You do this on more than one occassion and mistakenly tell your wife it really isn't good basketball. Despite the holy covenant and sanctimony of marital conversation, your words eventually get repeated to your mother-in-law who shares said private conversations with her husband and so on and so on. Emboldened with this knowledge, any and all basketball conversations ALWAYS steer back to the INCREDIBLY STUPID CONCEPT the woman's game is somehow better than the man's game. Women are more "fundamentally sound". They play a "team game". Passes, dribbling, blah, blah, blah. Dutiful son-in-law has this beat into his soul (what's left of it) and he eventually nods his head in agreement ad nauseum. At some point, married man was no longer married and had completed his turn to the complete cynic. Like Anakin Skywalker, it wsn't a big leap but anyway...
This Saturday, I read and listened to the same type of phrases I had heard in that past lifetime in response to the Wisconsin-Michigan game and it was just as incredibly stupid as it was back then. I listened to Bill Walton call the UCLA-Washington game last Thursday and while Walton is more than just a bit hyperbolic, his bemoaning the lack of excitement and passion shown by players and teams was spot on. Bo Ryan and his minions that suck the life out of a beautiful game are winning. Scoring 80 points a game is almost frowned on. Talking basketball face on TV asks where was the defense and scolds those who think scoring wins all while ignoring the fact teams that score do better long term.
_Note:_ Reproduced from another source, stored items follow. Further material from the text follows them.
(* Let $v\in C(S^1,(0,\infty))$ be separable in $S^1$ and suppose $\max_{S^1}v>\min_{S^1}v$. Then there exist $\alpha_0\in[0,2\pi)$ and $\theta_1,\theta_2\in[0,\pi)$ such that: (i) $\theta_1+\theta_2<\pi$; (ii) $v^{-1}(\max_{S^1}v)=\{(\cos(\alpha_0+\theta),\sin(\alpha_0+\theta)):|\theta|\le\theta_1\}$ and $v^{-1}(\min_{S^1}v)=\{(\cos(\alpha_0+\pi+\theta),\sin(\alpha_0+\pi+\theta)):|\theta|\le\theta_2\}$; (iii) $v(x)=v(l_{\alpha_0}(x))$ for all $x\in S^1_{\alpha_0}$; (iv) the function $\alpha\mapsto v((\cos\alpha,\sin\alpha))$ is not constant and is nonincreasing on $[\alpha_0,\alpha_0+\pi)$.
   Context: $S^1\subset\mathbb{R}^2$ is the unit circle. For $\alpha\in\mathbb{R}$, $S^1_\alpha=\{(\cos(\alpha+\theta),\sin(\alpha+\theta)):\theta\in(0,\pi)\}$ (an open half-circle), and for $x\in S^1$, $l_\alpha(x)$ denotes the reflection of $x$ across the line through the origin with direction $(\cos\alpha,\sin\alpha)$. A function $v\in C(S^1,\mathbb{R})$ is called separable in $S^1$ if for every $\alpha\in[0,2\pi)$, either $v(l_\alpha(x))\ge v(x)$ for all $x\in S^1_\alpha$, or $v(l_\alpha(x))\le v(x)$ for all $x\in S^1_\alpha$. *)

theory Defs
  imports "HOL-Analysis.Analysis"
begin

definition circ :: "(real \<times> real) set" where
  "circ = {p. (fst p)\<^sup>2 + (snd p)\<^sup>2 = 1}"

definition epoint :: "real \<Rightarrow> real \<times> real" where
  "epoint t = (cos t, sin t)"

definition half_circ :: "real \<Rightarrow> (real \<times> real) set" where
  "half_circ a = {epoint (a + t) | t. 0 < t \<and> t < pi}"

text \<open>Reflection across the line through 0 with direction (cos a, sin a).\<close>
definition refl_line :: "real \<Rightarrow> real \<times> real \<Rightarrow> real \<times> real" where
  "refl_line a p = (let d = fst p * cos a + snd p * sin a
                    in (2 * d * cos a - fst p, 2 * d * sin a - snd p))"

definition separable :: "(real \<times> real \<Rightarrow> real) \<Rightarrow> bool" where
  "separable v \<longleftrightarrow> (\<forall>a\<in>{0..<2*pi}.
      (\<forall>x\<in>half_circ a. v (refl_line a x) \<ge> v x) \<or>
      (\<forall>x\<in>half_circ a. v (refl_line a x) \<le> v x))"

end

theory Submission
  imports Defs "HOL-Library.Periodic_Fun"
begin

text \<open>
  Write \<open>f t = v (cos t, sin t)\<close>. Separability says that about every angle \<open>a\<close> the profile \<open>f\<close>
  is either nowhere larger to the right of \<open>a\<close> than at the mirror image, or nowhere smaller.
  Both alternatives define closed sets covering the real line, each nonempty (the second one
  at \<open>a\<close> is the first one at \<open>a + \<pi>\<close>), so by connectedness \<open>f\<close> has an axis of symmetry.
  Two axes at distance \<open>d\<close> make \<open>f\<close> \<open>2d\<close>-periodic, and a period \<open>P \<le> \<pi>\<close> together with
  separability at the midpoint of \<open>u\<close> and \<open>u + P + \<delta>\<close> forces \<open>f (u + \<delta>) = f u\<close>: a nonconstant
  \<open>f\<close> has no two axes less than \<open>\<pi>\<close> apart. The connectedness argument on a half turn
  \<open>[a, a + \<pi>]\<close> starting at an axis then shows that the same alternative holds all along it,
  i.e. \<open>f\<close> is monotone there, and the extremal sets are level sets of a monotone continuous
  function, hence arcs.
\<close>

text \<open>
  Separability of \<open>v\<close> at angle \<open>a\<close>, read on \<open>f t = v (cos t, sin t)\<close>: the half circle
  \<open>S\<^sup>1\<^sub>a\<close> consists of the points at angle \<open>a + t\<close>, \<open>0 < t < \<pi>\<close>, and \<open>l\<^sub>a\<close> sends them to angle \<open>a - t\<close>.
\<close>

definition right_le_left :: "(real \<Rightarrow> real) \<Rightarrow> real \<Rightarrow> bool" where
  "right_le_left f a \<longleftrightarrow> (\<forall>t. 0 < t \<and> t < pi \<longrightarrow> f (a + t) \<le> f (a - t))"

definition left_le_right :: "(real \<Rightarrow> real) \<Rightarrow> real \<Rightarrow> bool" where
  "left_le_right f a \<longleftrightarrow> (\<forall>t. 0 < t \<and> t < pi \<longrightarrow> f (a - t) \<le> f (a + t))"
section \<open>Estimates for the singular kernel\<close>

lemma has_integral_singular_kernel:
  fixes \<beta> c x :: real
  assumes c0: "0 \<le> c" and cx: "c < x" and \<beta>: "\<beta> < 1"
  shows "((\<lambda>y. (x - y) powr (\<beta> - 2)) has_integral ((x - c) powr (\<beta> - 1) - (x - 0) powr (\<beta> - 1)) / (1 - \<beta>)) {0..c}"
proof -
  let ?f = "\<lambda>y. (x - y) powr (\<beta> - 1) / (1 - \<beta>)"
  have "(?f has_vector_derivative (x - y) powr (\<beta> - 2)) (at y within {0..c})" if y: "y \<in> {0..c}" for y
  proof -
    have xy: "x - y > 0" using y cx by auto
    have "((\<lambda>y. (x - y) powr (\<beta> - 1)) has_real_derivative (\<beta> - 1) * (x - y) powr (\<beta> - 1 - of_nat 1) * (-1)) (at y)"
      by (rule DERIV_fun_powr) (use xy in \<open>auto intro!: derivative_eq_intros\<close>)
    from DERIV_cdivide[OF this, of "1 - \<beta>"]
    have "(?f has_real_derivative ((\<beta> - 1) * (x - y) powr (\<beta> - 1 - of_nat 1) * (-1)) / (1 - \<beta>)) (at y)" .
    moreover have "((\<beta> - 1) * (x - y) powr (\<beta> - 1 - of_nat 1) * (-1)) / (1 - \<beta>) = (x - y) powr (\<beta> - 2)"
    proof -
      have "(\<beta> - 1) * (x - y) powr (\<beta> - 1 - of_nat 1) * (-1) = (1 - \<beta>) * (x - y) powr (\<beta> - 2)" by (simp add: algebra_simps)
      then show ?thesis using \<beta> by simp
    qed
    ultimately have "(?f has_real_derivative (x - y) powr (\<beta> - 2)) (at y)" by simp
    then show ?thesis
      by (simp add: has_real_derivative_iff_has_vector_derivative[symmetric] has_field_derivative_at_within)
  qed
  from fundamental_theorem_of_calculus[OF c0 this]
  show ?thesis by (simp add: diff_divide_distrib)
qed
(* Let $\mathfrak k$ be a non-toral $\mathsf H$-subalgebra of $\mathfrak g$ and $v\in\mathcal W^\Sigma(\mathfrak k)$. Then $|\mathrm{Ric}(\gamma_v(t))|_{\gamma_v(t)}\to+\infty$ as $t\to+\infty$.
   Context: $\mathsf G$ compact Lie group, $\mathsf H\subset\mathsf G$ closed, $M=\mathsf G/\mathsf H$ compact connected, $\mathsf G$ acting almost effectively; $Q$ an $\mathrm{Ad}(\mathsf G)$-invariant inner product on $\mathfrak g$, $\mathfrak m$ the $Q$-orthogonal complement of $\mathfrak h$, $Q_{\mathfrak m}=Q|_{\mathfrak m}$; invariant metrics = $\mathrm{Ad}(\mathsf H)$-invariant inner products on $\mathfrak m$. An $\mathsf H$-subalgebra is an $\mathrm{Ad}(\mathsf H)$-invariant Lie subalgebra $\mathfrak k$ with $\mathfrak h\subsetneq\mathfrak k\subsetneq\mathfrak g$; it is non-toral if $[\mathfrak k,\mathfrak k]\not\subset\mathfrak h$. $\mathscr F^{\mathsf G}$: ordered tuples $\varphi=(\mathfrak m_1,\dots,\mathfrak m_\ell)$ of mutually $Q$-orthogonal $\mathrm{Ad}(\mathsf H)$-irreducible invariant subspaces with $\mathfrak m=\bigoplus\mathfrak m_i$, $I=\{1,\dots,\ell\}$, $\mathfrak m_{I'}=\sum_{i\in I'}\mathfrak m_i$; $[ijk]_\varphi=\sum Q([e_\alpha,e_\beta],e_\gamma)^2$ over $e_\alpha\in\mathfrak m_i,e_\beta\in\mathfrak m_j,e_\gamma\in\mathfrak m_k$ in a $Q$-orthonormal $\varphi$-adapted basis. $\Sigma$: $Q_{\mathfrak m}$-symmetric endomorphisms $v$ of $\mathfrak m$ commuting with $\mathrm{Ad}(\mathsf H)|_{\mathfrak m}$, with $\mathrm{tr}\,v=0$, $\mathrm{tr}\,v^2=1$; $\gamma_v(t)=Q_{\mathfrak m}(e^{tv}\cdot,\cdot)$. A good decomposition for $v$ is $\varphi$ with $v|_{\mathfrak m_i}=v_i\mathrm{Id}$; $\hat v_1<\dots<\hat v_{\ell_v}$ are the distinct eigenvalues of $v$ and $I^v_1(\varphi)=\{i:v_i=\hat v_1\}$. $v$ is a submersion direction if for a (equivalently every) good decomposition $\varphi$ and all $(i,j,k)\in I^3$, $[ijk]_\varphi>0$ implies $v_i-v_j-v_k+\hat v_1\le0$. $\mathcal W^\Sigma(\mathfrak k)$ is the set of submersion directions $v$ with $\mathfrak m_{I^v_1(\varphi)}=\mathfrak k\cap\mathfrak m$ for every good decomposition $\varphi$ for $v$. *)

theory Defs
  imports "HOL-Analysis.Analysis"
begin
(* Let $G$ be a group and let $\mathrm{A}(G)$ be the kernel of $\epsilon\colon\mathrm{Gr}(\mathrm{Pq}(G))\to G$. Then there is an exact sequence of abelian groups \[ \mathrm{H}_2(G;\mathbb{Z})\longrightarrow\mathrm{A}(G)\longrightarrow\mathrm{B}(G)\longrightarrow\mathrm{H}_1(G;\mathbb{Z})\longrightarrow 0, \] where $\mathrm{B}(G)$ is the quotient of the free abelian group $\mathbb{Z}\mathrm{Cl}(G)$ on the set $\mathrm{Cl}(G)$ of conjugacy classes of elements of $G$ by the relations $n[a]=[a^n]$ for all $a\in G$ and all $n\in\mathbb{Z}$.
   Context: For a group $G$, $\mathrm{Pq}(G)$ is the power quandle on the underlying set of $G$ with $a\rhd b=aba^{-1}$, $\pi^n(a)=a^n$ ($n\in\mathbb{Z}$), and unit the identity $e$. $\mathrm{Gr}(\mathrm{Pq}(G))$ is the group with generators $\sigma(a)$, $a\in G$, and relations $\sigma(aba^{-1})=\sigma(a)\sigma(b)\sigma(a)^{-1}$, $\sigma(a^n)=\sigma(a)^n$, $\sigma(e)=1$ for all $a,b\in G$, $n\in\mathbb{Z}$. $\epsilon\colon\mathrm{Gr}(\mathrm{Pq}(G))\to G$ is the surjective homomorphism with $\epsilon(\sigma(a))=a$; its kernel is abelian (indeed central). $[a]$ denotes the conjugacy class of $a$. $\mathrm{H}_i(G;\mathbb{Z})$ is integral group homology. *)

theory Defs
  imports "HOL-Algebra.Algebra"
begin

text \<open>Words in the generators sigma(a), a in G: a letter (True, a) stands for
  sigma(a), a letter (False, a) for sigma(a)^(-1).\<close>

type_synonym 'a word = "(bool \<times> 'a) list"

definition pq_words :: "('a, 'b) monoid_scheme \<Rightarrow> 'a word set" where
  "pq_words G = {w. \<forall>l \<in> set w. snd l \<in> carrier G}"

definition sigma_pow_word :: "'a \<Rightarrow> int \<Rightarrow> 'a word" where
  "sigma_pow_word a n = replicate (nat \<bar>n\<bar>) (n \<ge> 0, a)"

inductive pq_eq :: "('a, 'b) monoid_scheme \<Rightarrow> 'a word \<Rightarrow> 'a word \<Rightarrow> bool"
  for G where
  refl: "w \<in> pq_words G \<Longrightarrow> pq_eq G w w"
| sym: "pq_eq G u v \<Longrightarrow> pq_eq G v u"
| trans: "pq_eq G u v \<Longrightarrow> pq_eq G v w \<Longrightarrow> pq_eq G u w"
| cong: "pq_eq G u v \<Longrightarrow> w1 \<in> pq_words G \<Longrightarrow> w2 \<in> pq_words G \<Longrightarrow>
         pq_eq G (w1 @ u @ w2) (w1 @ v @ w2)"
| cancel: "x \<in> carrier G \<Longrightarrow> pq_eq G [(b, x), (\<not> b, x)] []"
| rel_conj: "a \<in> carrier G \<Longrightarrow> b \<in> carrier G \<Longrightarrow>
         pq_eq G [(True, a \<otimes>\<^bsub>G\<^esub> b \<otimes>\<^bsub>G\<^esub> inv\<^bsub>G\<^esub> a)] [(True, a), (True, b), (False, a)]"
| rel_pow: "a \<in> carrier G \<Longrightarrow> pq_eq G [(True, a [^]\<^bsub>G\<^esub> (n::int))] (sigma_pow_word a n)"
| rel_unit: "pq_eq G [(True, \<one>\<^bsub>G\<^esub>)] []"

definition pq_class :: "('a, 'b) monoid_scheme \<Rightarrow> 'a word \<Rightarrow> 'a word set" where
  "pq_class G w = {z. pq_eq G w z}"

definition GrPq :: "('a, 'b) monoid_scheme \<Rightarrow> 'a word set monoid" where
  "GrPq G = \<lparr> carrier = pq_class G ` pq_words G,
             monoid.mult = (\<lambda>U V. {z. \<exists>x\<in>U. \<exists>y\<in>V. pq_eq G (x @ y) z}),
             monoid.one = pq_class G [] \<rparr>"

definition eval_word :: "('a, 'b) monoid_scheme \<Rightarrow> 'a word \<Rightarrow> 'a" where
  "eval_word G w = foldr (\<lambda>l acc. (if fst l then snd l else inv\<^bsub>G\<^esub> (snd l)) \<otimes>\<^bsub>G\<^esub> acc) w \<one>\<^bsub>G\<^esub>"

definition pq_eps :: "('a, 'b) monoid_scheme \<Rightarrow> 'a word set \<Rightarrow> 'a" where
  "pq_eps G S = eval_word G (SOME w. w \<in> S)"

definition A_grp :: "('a, 'b) monoid_scheme \<Rightarrow> 'a word set monoid" where
  "A_grp G = (GrPq G)\<lparr> carrier := kernel (GrPq G) G (pq_eps G) \<rparr>"

section \<open>Integral group homology via the (inhomogeneous) bar complex\<close>

text \<open>Chains C_n: finitely supported integer combinations of n-tuples [g1|...|gn].\<close>
definition chain_grp :: "('a, 'b) monoid_scheme \<Rightarrow> nat \<Rightarrow> ('a list \<Rightarrow> int) monoid" where
  "chain_grp G n = \<lparr> carrier = {f. finite {x. f x \<noteq> 0} \<and>
                      (\<forall>x. f x \<noteq> 0 \<longrightarrow> length x = n \<and> set x \<subseteq> carrier G)},
                    monoid.mult = (\<lambda>f g x. f x + g x),
                    monoid.one = (\<lambda>_. 0) \<rparr>"

definition bar_face :: "('a, 'b) monoid_scheme \<Rightarrow> nat \<Rightarrow> 'a list \<Rightarrow> 'a list" where
  "bar_face G i x = (if i = 0 then tl x
                     else if i = length x then butlast x
                     else take (i - 1) x @ [x ! (i - 1) \<otimes>\<^bsub>G\<^esub> x ! i] @ drop (i + 1) x)"

text \<open>Coefficient of y in d[x] (trivial coefficients Z); d_0 = 0.\<close>
definition bar_coeff :: "('a, 'b) monoid_scheme \<Rightarrow> 'a list \<Rightarrow> 'a list \<Rightarrow> int" where
  "bar_coeff G x y = (if x = [] then 0
     else (\<Sum>i\<in>{0..length x}. (-1) ^ i * (if bar_face G i x = y then 1 else 0)))"

definition bar_d :: "('a, 'b) monoid_scheme \<Rightarrow> ('a list \<Rightarrow> int) \<Rightarrow> ('a list \<Rightarrow> int)" where
  "bar_d G f = (\<lambda>y. \<Sum>x\<in>{x. f x \<noteq> 0}. f x * bar_coeff G x y)"

definition cycles :: "('a, 'b) monoid_scheme \<Rightarrow> nat \<Rightarrow> ('a list \<Rightarrow> int) set" where
  "cycles G n = {f \<in> carrier (chain_grp G n). bar_d G f = (\<lambda>_. 0)}"

definition boundaries :: "('a, 'b) monoid_scheme \<Rightarrow> nat \<Rightarrow> ('a list \<Rightarrow> int) set" where
  "boundaries G n = bar_d G ` carrier (chain_grp G (Suc n))"

definition group_homology :: "('a, 'b) monoid_scheme \<Rightarrow> nat \<Rightarrow> ('a list \<Rightarrow> int) set monoid" where
  "group_homology G n = ((chain_grp G n)\<lparr> carrier := cycles G n \<rparr>) Mod (boundaries G n)"

definition conj_class :: "('a, 'b) monoid_scheme \<Rightarrow> 'a \<Rightarrow> 'a set" where
  "conj_class G a = {g \<otimes>\<^bsub>G\<^esub> a \<otimes>\<^bsub>G\<^esub> inv\<^bsub>G\<^esub> g | g. g \<in> carrier G}"

definition conj_classes :: "('a, 'b) monoid_scheme \<Rightarrow> 'a set set" where
  "conj_classes G = conj_class G ` carrier G"

definition free_ab_Cl :: "('a, 'b) monoid_scheme \<Rightarrow> ('a set \<Rightarrow> int) monoid" where
  "free_ab_Cl G = \<lparr> carrier = {f. finite {c. f c \<noteq> 0} \<and> (\<forall>c. f c \<noteq> 0 \<longrightarrow> c \<in> conj_classes G)},
                   monoid.mult = (\<lambda>f g c. f c + g c),
                   monoid.one = (\<lambda>_. 0) \<rparr>"

definition B_rel :: "('a, 'b) monoid_scheme \<Rightarrow> 'a \<Rightarrow> int \<Rightarrow> ('a set \<Rightarrow> int)" where
  "B_rel G a n = (\<lambda>c. (if c = conj_class G a then n else 0)
                     - (if c = conj_class G (a [^]\<^bsub>G\<^esub> n) then 1 else 0))"

definition B_grp :: "('a, 'b) monoid_scheme \<Rightarrow> ('a set \<Rightarrow> int) set monoid" where
  "B_grp G = free_ab_Cl G Mod
     generate (free_ab_Cl G) {B_rel G a n | a n. a \<in> carrier G}"

end

theory Submission
  imports Defs
begin

(* The generators sigma(a) of Gr(Pq(G)) form a set-theoretic section of epsilon, so
   tau(x, y) = sigma(x) sigma(y) sigma(xy)^-1 is a 2-cocycle with values in the central kernel A(G);
   on bar chains [x|y] |-> tau(x, y) kills boundaries and induces H_2(G) -> A(G). Reading a word in
   the letters sigma(a)^(+-1) as the 1-chain sum (+-[a]) and passing to conjugacy classes respects
   all defining relations of Gr(Pq(G)) modulo n[a] = [a^n], which gives A(G) -> B(G); choosing a
   representative of every class gives B(G) -> H_1(G). The differences [a] - [g a g^-1] and
   n[a] - [a^n] are boundaries of 2-chains on which tau vanishes, and every word w can be written
   as sigma(epsilon(w)) times tau(c) for a 2-chain c with boundary chain(w) - [epsilon(w)]; chasing
   these two facts gives exactness. *)

section \<open>Free abelian groups as finitely supported integer functions\<close>

definition free_ab :: "'v set \<Rightarrow> ('v \<Rightarrow> int) monoid" where
  "free_ab V = \<lparr> carrier = {f. finite {x. f x \<noteq> 0} \<and> (\<forall>x. f x \<noteq> 0 \<longrightarrow> x \<in> V)},
                monoid.mult = (\<lambda>f g x. f x + g x), monoid.one = (\<lambda>_. 0) \<rparr>"

definition basis :: "int \<Rightarrow> 'v \<Rightarrow> 'v \<Rightarrow> int" where
  "basis k v = (\<lambda>y. if y = v then k else 0)"

lemma free_ab_mult [simp]: "f \<otimes>\<^bsub>free_ab V\<^esub> g = (\<lambda>x. f x + g x)"
  by (simp add: free_ab_def)

lemma free_ab_one [simp]: "\<one>\<^bsub>free_ab V\<^esub> = (\<lambda>_. 0)"
  by (simp add: free_ab_def)
lemma separates_chi_ran:
  assumes q: "q \<notin> {2*n+1, 2*n+2}"
  shows "separates (colourings n X) {2*n+1, 2*n+2} q"
proof (cases q rule: index_cases[of _ n])
  case (AC l)
  show ?thesis
  proof (cases "l = 0")
    case True
    obtain k where k: "free_index n X k" using free by blast
    from True AC q k show ?thesis
      by (intro separatesI[OF cut_colouring_mem[OF k]])
        (auto simp: cut_colouring_def free_index_def)
  next
    case False
    then show ?thesis
      by (intro separates_flipI[of "{0}" "{l}"]) (use n AC in \<open>auto simp: flip_colouring_def\<close>)
  qed
next
  case (B l)
  with q have "l \<noteq> n" by auto
  then show ?thesis
    by (intro separates_flipI[of "{0, l}" "{}"]) (use n B in \<open>auto simp: flip_colouring_def\<close>)
next
  case outside
  then show ?thesis by (intro separates_outside) auto
qed

lemma separates_points:
  assumes "p \<noteq> q"
  shows "\<exists>\<kappa>\<in>colourings n X. \<kappa> p \<noteq> \<kappa> q"
proof (cases p rule: index_cases[of _ n])
  case (AC a)
  show ?thesis
  proof (cases "q \<in> {a, 2*n+2+a}")
    case True
    obtain k where k: "free_index n X k" using free by blast
    have "cut_colouring n k p \<noteq> cut_colouring n k q"
      using AC True assms by (auto simp: cut_colouring_def)
    with cut_colouring_mem[OF k] show ?thesis by blast
  next
    case False
    with separates_ac_pair[OF AC(2)] obtain \<kappa>
      where \<kappa>: "\<kappa> \<in> colourings n X" "\<forall>p\<in>{a, 2*n+2+a}. \<kappa> p \<noteq> \<kappa> q"
      unfolding separates_def by blast
    show ?thesis by (rule bexI[OF _ \<kappa>(1)]) (use \<kappa>(2) AC(1) in auto)
  qed
next
  case (B l)
  with assms separates_b_point[OF B(2), of q] obtain \<kappa>
    where \<kappa>: "\<kappa> \<in> colourings n X" "\<kappa> (n+1+l) \<noteq> \<kappa> q"
    unfolding separates_def by blast
  show ?thesis by (rule bexI[OF _ \<kappa>(1)]) (use \<kappa>(2) B(1) in auto)
next
  case outside
  show ?thesis by (rule bexI[OF _ point_colouring_mem[OF outside]]) (use assms in auto)
qed
lemma measurable_gauss_m_component: "i < m \<Longrightarrow> (\<lambda>g. g i) \<in> gauss_m m \<rightarrow>\<^sub>M std_normal"
  unfolding gauss_m_def by (intro measurable_component_singleton) auto

lemma borel_measurable_gauss_m_component: "i < m \<Longrightarrow> (\<lambda>g. g i) \<in> borel_measurable (gauss_m m)"
  using measurable_gauss_m_component measurable_cong_sets[of _ _ std_normal borel] by simp

lemma integrable_gauss_m_abs_component:
  assumes "i < m"
  shows "integrable (gauss_m m) (\<lambda>g. \<bar>g i\<bar>)"
proof -
  have "integrable std_normal (\<lambda>x. \<bar>x\<bar>)"
    using integrable_std_normal_moment_abs[of 1] by (subst integrable_density) auto
  moreover have "distr (gauss_m m) std_normal (\<lambda>g. g i) = std_normal"
    unfolding gauss_m_def using assms by (intro distr_PiM_component prob_space_std_normal) auto
  ultimately show ?thesis
    using integrable_distr_eq[OF measurable_gauss_m_component[OF assms], of "\<lambda>x. \<bar>x\<bar>"] by simp
qed

lemma distr_std_normal_uminus: "distr std_normal std_normal uminus = std_normal"
proof -
  have lborel: "distr lborel lborel uminus = (lborel :: real measure)"
    using lborel_distr_uminus by (metis distr_cong sets_lborel)
  have "distr (density (distr lborel lborel uminus) (\<lambda>x. ennreal (std_normal_density x))) lborel uminus
      = density lborel ((\<lambda>x. ennreal (std_normal_density x)) \<circ> uminus)"
    by (rule distr_density_distr) auto
  also have "(\<lambda>x. ennreal (std_normal_density x)) \<circ> uminus = (\<lambda>x. ennreal (std_normal_density x))"
    by (auto simp: o_def normal_density_def)
  finally have "distr std_normal lborel uminus = std_normal" unfolding lborel .
  moreover have "distr std_normal std_normal uminus = distr std_normal lborel uminus"
    by (rule distr_cong) auto
  ultimately show ?thesis by simp
qed

text \<open>Only the coordinates below m are negated, so that neg_on m maps the extensional
  product space gauss_m m to itself.\<close>
definition neg_on :: "nat \<Rightarrow> (nat \<Rightarrow> real) \<Rightarrow> nat \<Rightarrow> real" where
  "neg_on m = compose {..<m} uminus"

lemma neg_on_apply: "i < m \<Longrightarrow> neg_on m g i = - g i"
  by (simp add: neg_on_def compose_def)

lemma measurable_neg_on: "neg_on m \<in> gauss_m m \<rightarrow>\<^sub>M gauss_m m"
  unfolding neg_on_def gauss_m_def compose_def
  by (rule measurable_restrict) simp

lemma distr_gauss_m_neg_on: "distr (gauss_m m) (gauss_m m) (neg_on m) = gauss_m m"
proof -
  have "distr (gauss_m m) (gauss_m m) (neg_on m) = PiM {..<m} (\<lambda>i. distr std_normal std_normal uminus)"
    unfolding neg_on_def gauss_m_def
    by (rule distr_PiM_finite_prob_space') (auto intro: prob_space_std_normal)
  then show ?thesis using distr_std_normal_uminus by (simp add: gauss_m_def)
qed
I'm no conspiracy theorist but mgoblog does a good job questioning whether Bo Ryan really is an alien. Clutching, grabbing, flailing and hacking isn't good defense. It's what the Bad Boys did when they knew they couldn't beat the Lakers or Celtics any other way. And its what less talented teams do to compete. And they can do it when referees accept it. It's time to free the game by calling fouls and when that happens, coaches will adjust back and the athletes will be free to play again. Until then, they'll be suffocated not by good defense and "fundamentally sound" teams but by coaches and the officials who allow it.